Each line below that includes the word "UNIV" is to be reported.
Dataset excerpts START
(* For any Lip-von Neumann algebras $(M_1,L_1)$, $(M_2,L_2)$, $(M_3,L_3)$, $$\mathrm{dist}_{qGH^*}(M_1,M_3)\le \mathrm{dist}_{qGH^*}(M_1,M_2)+\mathrm{dist}_{qGH^*}(M_2,M_3).$$
   Context: A Lip-von Neumann algebra (LvNA) is a pair $(M,L_M)$ where $M$ is a von Neumann algebra and $L_M$ is a norm on $M$ (everywhere finite) inducing the $w^*$-topology on bounded subsets of $M$ (equivalently, the closed unit ball $M_1=\{x\in M:\|x\|\le 1\}$ is compact in the $L_M$-topology). $L_M$ is extended to $\mathcal M_2(M)$ ($2\times2$ matrices over $M$) by $L_M((a_{ij}))=\max_{i,j}L_M(a_{ij})$. For LvNAs $(M,L_M)$, $(N,L_N)$, $\mathcal L(M,N)$ is the set of seminorms $L$ on $M\oplus N$ with $L(x,0)=L_M(x)$ and $L(0,y)=L_N(y)$ for all $x\in M,y\in N$; each such $L$ is extended to $\mathcal M_2(M)\oplus\mathcal M_2(N)\cong\mathcal M_2(M\oplus N)$ by entrywise maximum. $X_M=\{x\in\mathcal M_2(M): x\ge 0,\ \|x\|\le 1\}$, and similarly $X_N$. For $L\in\mathcal L(M,N)$, $\mathrm{dist}^L_H(X_M,X_N)=\max\big(\sup_{x\in X_M}\inf_{y\in X_N}L(x,-y),\ \sup_{y\in X_N}\inf_{x\in X_M}L(x,-y)\big)$, and the dual quantum Gromov–Hausdorff distance is $\mathrm{dist}_{qGH^*}(M,N)=\inf_{L\in\mathcal L(M,N)}\mathrm{dist}^L_H(X_M,X_N)$. *)

theory Defs
  imports Complex_Main "HOL-Library.Extended_Real"
begin
lemma lipschitz_vec_nth:
  fixes f :: "'a::metric_space \<Rightarrow> 'b::real_normed_vector^'n"
  shows "lipschitz S f \<Longrightarrow> lipschitz S (\<lambda>x. f x $ i)"
  by (rule lipschitz_compose[OF lipschitz_bounded_linear[OF bounded_linear_vec_nth]]) auto

lemma lipschitz_vec_lambda:
  fixes f :: "'a::metric_space \<Rightarrow> 'b::real_normed_vector^'n"
  assumes "\<And>i. lipschitz S (\<lambda>x. f x $ i)"
  shows "lipschitz S f"
proof -
  obtain L where L: "\<And>i. (L i)-lipschitz_on S (\<lambda>x. f x $ i)"
    using assms unfolding lipschitz_def by metis
  have "(\<Sum>i\<in>UNIV. L i)-lipschitz_on S f"
  proof (rule lipschitz_onI)
    fix x y assume xy: "x \<in> S" "y \<in> S"
    have "dist (f x) (f y) \<le> (\<Sum>i\<in>UNIV. norm ((f x - f y) $ i))"
      unfolding dist_norm norm_vec_def by (rule L2_set_le_sum) auto
    also have "\<dots> \<le> (\<Sum>i\<in>UNIV. L i * dist x y)"
      by (intro sum_mono) (metis lipschitz_onD[OF L xy] dist_norm vector_minus_component)
    finally show "dist (f x) (f y) \<le> (\<Sum>i\<in>UNIV. L i) * dist x y"
      by (simp add: sum_distrib_right)
  qed (use L lipschitz_on_nonneg in \<open>meson sum_nonneg\<close>)
  then show ?thesis by (rule lipschitzI)
qed

lemma lipschitz_tensor:
  fixes f :: "'a::metric_space \<Rightarrow> real^'n^'m"
  shows "(\<And>i j. lipschitz S (\<lambda>x. f x $ i $ j)) \<Longrightarrow> lipschitz S f"
  by (intro lipschitz_vec_lambda)

lemma continuous_derivative_imp_lipschitz:
  fixes f :: "'a::euclidean_space \<Rightarrow> 'b::real_normed_vector"
  assumes K: "convex K" "compact K"
    and f': "\<And>x. x \<in> K \<Longrightarrow> (f has_derivative f' x) (at x within K)"
    and cont: "\<And>b. b \<in> Basis \<Longrightarrow> continuous_on K (\<lambda>x. f' x b)"
  shows "lipschitz K f"
proof -
  have "\<exists>B>0. \<forall>x\<in>K. norm (f' x b) \<le> B" if "b \<in> Basis" for b
    using compact_imp_bounded[OF compact_continuous_image[OF cont[OF that] K(2)]]
    by (auto simp: bounded_pos)
  then obtain B where B: "\<And>b. b \<in> Basis \<Longrightarrow> B b > 0 \<and> (\<forall>x\<in>K. norm (f' x b) \<le> B b)"
    by metis
  have "onorm (f' x) \<le> (\<Sum>b\<in>Basis. B b)" if x: "x \<in> K" for x
  proof (rule onorm_le)
    fix h :: 'a
    have lin: "linear (f' x)" using f'[OF x] has_derivative_linear by blast
    have "f' x h = f' x (\<Sum>b\<in>Basis. (h \<bullet> b) *\<^sub>R b)"
      by (simp only: euclidean_representation)
    also have "\<dots> = (\<Sum>b\<in>Basis. (h \<bullet> b) *\<^sub>R f' x b)"
      by (simp only: linear_sum[OF lin] linear_scale[OF lin])
    finally have "norm (f' x h) \<le> (\<Sum>b\<in>Basis. \<bar>h \<bullet> b\<bar> * norm (f' x b))"
      using norm_sum[of "\<lambda>b. (h \<bullet> b) *\<^sub>R f' x b" Basis] by simp
    also have "\<dots> \<le> (\<Sum>b\<in>Basis. norm h * B b)"
      using B x Basis_le_norm by (intro sum_mono mult_mono) auto
    finally show "norm (f' x h) \<le> (\<Sum>b\<in>Basis. B b) * norm h"
      by (simp add: sum_distrib_left mult.commute)
  qed
  moreover have "0 \<le> (\<Sum>b\<in>Basis. B b)"
    using B by (meson less_imp_le sum_nonneg)
  ultimately show ?thesis
    by (intro lipschitzI bounded_derivative_imp_lipschitz[OF f' K(1)])
qed

lemma continuous_vector_derivative_imp_lipschitz:
  fixes f :: "real \<Rightarrow> 'b::real_normed_vector"
  assumes "\<And>t. t \<in> {a..b} \<Longrightarrow> (f has_vector_derivative f' t) (at t within {a..b})"
    and "continuous_on {a..b} f'"
  shows "lipschitz {a..b} f"
  using assms unfolding has_vector_derivative_def
  by (intro continuous_derivative_imp_lipschitz[where f' = "\<lambda>t h. h *\<^sub>R f' t"])
    (auto intro: continuous_intros)
lemma Splus_sq_eq: "Splus_sq m m' = (if m = 1 \<and> m' = -1 then 2 else 0)"
  by (auto simp: Splus_sq_def mat_mult_def Splus_eq sqrt2_sq_complex)

lemma mat_comm_Sx_Splus_sq_eq:
  "mat_comm Sx Splus_sq m m' =
    (if m = 0 \<and> m' = -1 then 2 * inv_sqrt2 else if m = 1 \<and> m' = 0 then - 2 * inv_sqrt2 else 0)"
  by (auto simp: mat_comm_def mat_mult_def Splus_sq_eq Sx_def)

lemma mat_comm_Sy_Splus_sq: "mat_comm Sy Splus_sq = (\<lambda>m m'. \<i> * mat_comm Sx Splus_sq m m')"
  by (auto simp: fun_eq_iff mat_comm_Sx_Splus_sq_eq mat_comm_def[of Sy]
      mat_mult_def Splus_sq_eq Sy_def)

lemma mat_comm_Sz_Splus_sq: "mat_comm Sz Splus_sq = (\<lambda>m m'. 2 * Splus_sq m m')"
  by (auto simp: fun_eq_iff mat_comm_def mat_mult_def Splus_sq_eq Sz_def)

lemma mat_comm_Sz_sq_Splus_sq: "mat_comm (mat_mult Sz Sz) Splus_sq = (\<lambda>m m'. 0)"
  by (auto simp: fun_eq_iff mat_comm_def mat_mult_def Splus_sq_eq Sz_def)

lemma mat_comm_Splus_Splus_sq: "mat_comm Splus Splus_sq = (\<lambda>m m'. 0)"
  by (auto simp: fun_eq_iff mat_comm_def mat_mult_def Splus_sq_eq Splus_eq)

lemma mat_comm_Sx_Splus_sq_Splus_sq: "mat_comm (mat_comm Sx Splus_sq) Splus_sq = (\<lambda>m m'. 0)"
  by (auto simp: fun_eq_iff mat_comm_def[of "mat_comm Sx Splus_sq"]
      mat_mult_def Splus_sq_eq mat_comm_Sx_Splus_sq_eq)

section \<open>The staggered pair-raising operator\<close>

definition pair_raise :: "nat \<Rightarrow> nat \<Rightarrow> nat list \<Rightarrow> oper" where
  "pair_raise L D q = site_op L D q Splus_sq"

definition stagger_sign :: "nat list \<Rightarrow> complex" where "stagger_sign q = (-1) ^ sum_list q"

lemma Px_eq: "Px L D = (\<lambda>\<psi> \<sigma>. \<Sum>q\<in>sites L D. stagger_sign q * pair_raise L D q \<psi> \<sigma>)"
  unfolding Px_def pair_raise_def stagger_sign_def Splus_sq_def
  by (intro ext sum.cong refl) (simp add: site_op_site_op_same)

lemma linear_op_Px: "linear_op (Px L D)"
  unfolding Px_eq pair_raise_def by (rule linear_op_sum_ops) (rule linear_op_site_op)

lemma stagger_sign_adjacent:
  "even L \<Longrightarrow> r \<in> sites L D \<Longrightarrow> r' \<in> sites L D \<Longrightarrow> adjacent L D r r' \<Longrightarrow>
    stagger_sign r' = - stagger_sign r"
  using adjacent_parity by (auto simp: stagger_sign_def minus_one_power_iff)

lemma commutator_Px:
  "linear_op A \<Longrightarrow> commutator A (Px L D) =
     (\<lambda>\<psi> \<sigma>. \<Sum>q\<in>sites L D. stagger_sign q * commutator A (pair_raise L D q) \<psi> \<sigma>)"
  unfolding Px_eq by (rule commutator_sum_right)

lemma commutator_site_op_pair_raise:
  assumes "r \<in> sites L D" "q \<in> sites L D"
  shows "commutator (site_op L D r A) (pair_raise L D q) =
    (if q = r then site_op L D r (mat_comm A Splus_sq) else (\<lambda>\<psi> \<sigma>. 0))"
  using assms by (simp add: pair_raise_def commutator_site_op_same commutator_site_op_distinct)

lemma commutator_site_op_Px:
  assumes "r \<in> sites L D"
  shows "commutator (site_op L D r A) (Px L D) =
    (\<lambda>\<psi> \<sigma>. stagger_sign r * site_op L D r (mat_comm A Splus_sq) \<psi> \<sigma>)"
proof (intro ext)
  fix \<psi> \<sigma>
  have "commutator (site_op L D r A) (Px L D) \<psi> \<sigma> = (\<Sum>q\<in>sites L D.
      if q = r then stagger_sign r * site_op L D r (mat_comm A Splus_sq) \<psi> \<sigma> else 0)"
    unfolding commutator_Px[OF linear_op_site_op]
    by (rule sum.cong) (simp_all add: assms commutator_site_op_pair_raise)
  then show "commutator (site_op L D r A) (Px L D) \<psi> \<sigma> =
      stagger_sign r * site_op L D r (mat_comm A Splus_sq) \<psi> \<sigma>"
    using assms by (simp add: finite_sites)
qed

section \<open>The Hamiltonian\<close>

definition bond :: "nat \<Rightarrow> nat \<Rightarrow> nat list \<Rightarrow> nat list \<Rightarrow> oper" where
  "bond L D r r' = (\<lambda>\<psi> \<sigma>. site_op L D r Sx (site_op L D r' Sx \<psi>) \<sigma>
                         + site_op L D r Sy (site_op L D r' Sy \<psi>) \<sigma>)"

text \<open>\<open>bond_comm L D r r'\<close> is \<open>[bond L D r r', pair_raise L D r]\<close>: the \<open>S\<^sup>x\<close> and \<open>S\<^sup>y\<close>
  parts combine via \<open>[S\<^sup>y, (S\<^sup>+)\<^sup>2] = i [S\<^sup>x, (S\<^sup>+)\<^sup>2]\<close> into \<open>S\<^sup>x + i S\<^sup>y = S\<^sup>+\<close> on \<open>r'\<close>.\<close>

definition bond_comm :: "nat \<Rightarrow> nat \<Rightarrow> nat list \<Rightarrow> nat list \<Rightarrow> oper" where
  "bond_comm L D r r' \<psi> = site_op L D r (mat_comm Sx Splus_sq) (site_op L D r' Splus \<psi>)"

lemma site_op_Sx_add_Sy:
  "(\<lambda>\<sigma>. site_op L D r Sx \<psi> \<sigma> + \<i> * site_op L D r Sy \<psi> \<sigma>) = site_op L D r Splus \<psi>"
  unfolding Splus_def site_op_mat_add site_op_mat_scale ..

lemma commutator_bond_Px:
  assumes r: "r \<in> sites L D" and r': "r' \<in> sites L D" and "r \<noteq> r'"
  shows "commutator (bond L D r r') (Px L D) =
    (\<lambda>\<psi> \<sigma>. stagger_sign r * bond_comm L D r r' \<psi> \<sigma> + stagger_sign r' * bond_comm L D r' r \<psi> \<sigma>)"
proof (intro ext)
  fix \<psi> \<sigma>
  let ?K = "mat_comm Sx Splus_sq"
  have commute: "site_op L D r A (site_op L D r' B \<phi>) = site_op L D r' B (site_op L D r A \<phi>)"
    for A B \<phi> using site_op_commute[OF r r' \<open>r \<noteq> r'\<close>] .
  have "commutator (bond L D r r') (Px L D) \<psi> \<sigma> =
      stagger_sign r' * (site_op L D r Sx (site_op L D r' ?K \<psi>) \<sigma>
                         + \<i> * site_op L D r Sy (site_op L D r' ?K \<psi>) \<sigma>)
    + stagger_sign r * (site_op L D r ?K (site_op L D r' Sx \<psi>) \<sigma>
                         + \<i> * site_op L D r ?K (site_op L D r' Sy \<psi>) \<sigma>)"
    unfolding bond_def
    by (simp add: commutator_add_left commutator_comp_left linear_op_Px linear_op_site_op
        commutator_site_op_Px r r' mat_comm_Sy_Splus_sq site_op_mat_scale site_op_scale
        algebra_simps)
  also have "\<dots> = stagger_sign r' * site_op L D r Splus (site_op L D r' ?K \<psi>) \<sigma>
      + stagger_sign r * site_op L D r ?K (site_op L D r' Splus \<psi>) \<sigma>"
    by (simp flip: site_op_Sx_add_Sy add: site_op_add site_op_scale)
  finally show "commutator (bond L D r r') (Px L D) \<psi> \<sigma> =
      stagger_sign r * bond_comm L D r r' \<psi> \<sigma> + stagger_sign r' * bond_comm L D r' r \<psi> \<sigma>"
    by (simp add: bond_comm_def commute)
qed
Dataset excerpts END
■ Response ■
  have "(\<Sum>i\<in>UNIV. L i)-lipschitz_on S f"
    have "dist (f x) (f y) \<le> (\<Sum>i\<in>UNIV. norm ((f x - f y) $ i))"
    also have "\<dots> \<le> (\<Sum>i\<in>UNIV. L i * dist x y)"
    finally show "dist (f x) (f y) \<le> (\<Sum>i\<in>UNIV. L i) * dist x y"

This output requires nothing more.